Older people’s charities and care home campaigners have reacted
with scepticism to government guidance intended to stop councils
charging residents top-up fees.
Initially welcomed as a way to give residents a greater choice of
care home (news, page 6, 14 October), the guidance has been
described as “hollow” and a way of “passing the buck” from central
government to councils.
It will place a duty on councils to give publicly funded clients
the choice of care home as long as it meets their assessed need and
the fees they charge are reasonable.
Previously, councils could refuse to pay higher fees if a client
refused the care home place offered to them by the council.
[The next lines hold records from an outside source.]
(* Let $G$ be the path on $n\ge 3$ vertices. Then $$\mathcal{R}(G)=\begin{cases}\displaystyle\sum_{i=1}^{n/2}\frac{2n^2-3n-4i+4}{n(n-1)^2-2(n-1)(i-1)} & \text{if } n \text{ is even},\\[2ex] \displaystyle\frac{2n^2-3n-1}{2n(n-1)^2}+\sum_{i=1}^{\lfloor n/2\rfloor}\frac{2n^3-3n^2-4n(i-1)+1}{n^2(n-1)^2-2n(n-1)(i-1)} & \text{if } n \text{ is odd}.\end{cases}$$
   Context: All graphs are finite, simple and connected, with at least two vertices; $d(u,v)$ denotes the shortest-path distance. $V_p$ denotes the set of all unordered pairs $(u,v)$ of distinct vertices. A vertex $x$ resolves the pair $(u,v)$ if $d(x,u)\neq d(x,v)$. For $(u,v)\in V_p$, $R(u,v)$ is the set of all vertices resolving $(u,v)$ (it always contains $u$ and $v$). The resolving share of a vertex $w$ for $(u,v)$ is $r_w(u,v)=\frac{1}{|R(u,v)|}$ if $w$ resolves $u$ and $v$, and $r_w(u,v)=0$ otherwise. For a vertex $w$, $R(w)$ is the set of pairs in $V_p$ resolved by $w$. The average resolving share of $w$ is $ar_w(G)=\frac{1}{|R(w)|}\sum_{(u,v)\in R(w)} r_w(u,v)$, and the resolving topological index of $G$ is $\mathcal{R}(G)=\sum_{w\in V(G)} ar_w(G)$. *)

theory Defs
  imports Complex_Main
begin

text \<open>A graph is given by a vertex set V and an edge relation E (intended finite, simple,
connected: E symmetric and irreflexive on V).\<close>

inductive walk :: "'a set \<Rightarrow> ('a \<Rightarrow> 'a \<Rightarrow> bool) \<Rightarrow> nat \<Rightarrow> 'a \<Rightarrow> 'a \<Rightarrow> bool"
  for V E where
  walk_refl: "u \<in> V \<Longrightarrow> walk V E 0 u u"
| walk_step: "u \<in> V \<Longrightarrow> E u w \<Longrightarrow> walk V E k w v \<Longrightarrow> walk V E (Suc k) u v"

definition gdist :: "'a set \<Rightarrow> ('a \<Rightarrow> 'a \<Rightarrow> bool) \<Rightarrow> 'a \<Rightarrow> 'a \<Rightarrow> nat" where
  "gdist V E u v = (LEAST k. walk V E k u v)"

definition Vp :: "'a set \<Rightarrow> 'a set set" where
  "Vp V = {{u, v} | u v. u \<in> V \<and> v \<in> V \<and> u \<noteq> v}"

definition resolves :: "'a set \<Rightarrow> ('a \<Rightarrow> 'a \<Rightarrow> bool) \<Rightarrow> 'a \<Rightarrow> 'a \<Rightarrow> 'a \<Rightarrow> bool" where
  "resolves V E x u v \<longleftrightarrow> gdist V E x u \<noteq> gdist V E x v"

definition resolving_set :: "'a set \<Rightarrow> ('a \<Rightarrow> 'a \<Rightarrow> bool) \<Rightarrow> 'a \<Rightarrow> 'a \<Rightarrow> 'a set" where
  "resolving_set V E u v = {x \<in> V. resolves V E x u v}"

definition resolving_share :: "'a set \<Rightarrow> ('a \<Rightarrow> 'a \<Rightarrow> bool) \<Rightarrow> 'a \<Rightarrow> 'a \<Rightarrow> 'a \<Rightarrow> real" where
  "resolving_share V E w u v =
     (if resolves V E w u v then 1 / real (card (resolving_set V E u v)) else 0)"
In such circumstances, councils could charge the resident a top-up
fee for the difference between the two fee levels.
However, Help the Aged’s head of public affairs, Mervyn Kohler,
said that without extra resources from government councils were
likely to fit the needs of clients around the available funds.
“These are fine words but, once you unpick them, local authorities
will still decide who has to pay,” he said. “A cash-strapped
council will offer the best service it can, but this guidance won’t
change its behaviour. The cards remain very much in the hands of
councils in how they interpret this.”
Fair care home fees campaign group NHFA said the guidance failed to
solve the disparity between the fees councils were prepared to pay
and care home providers’ assessments of the true cost of care.
NHFA director Philip Spiers said the only solution was for the
government to set regional rates for care fees.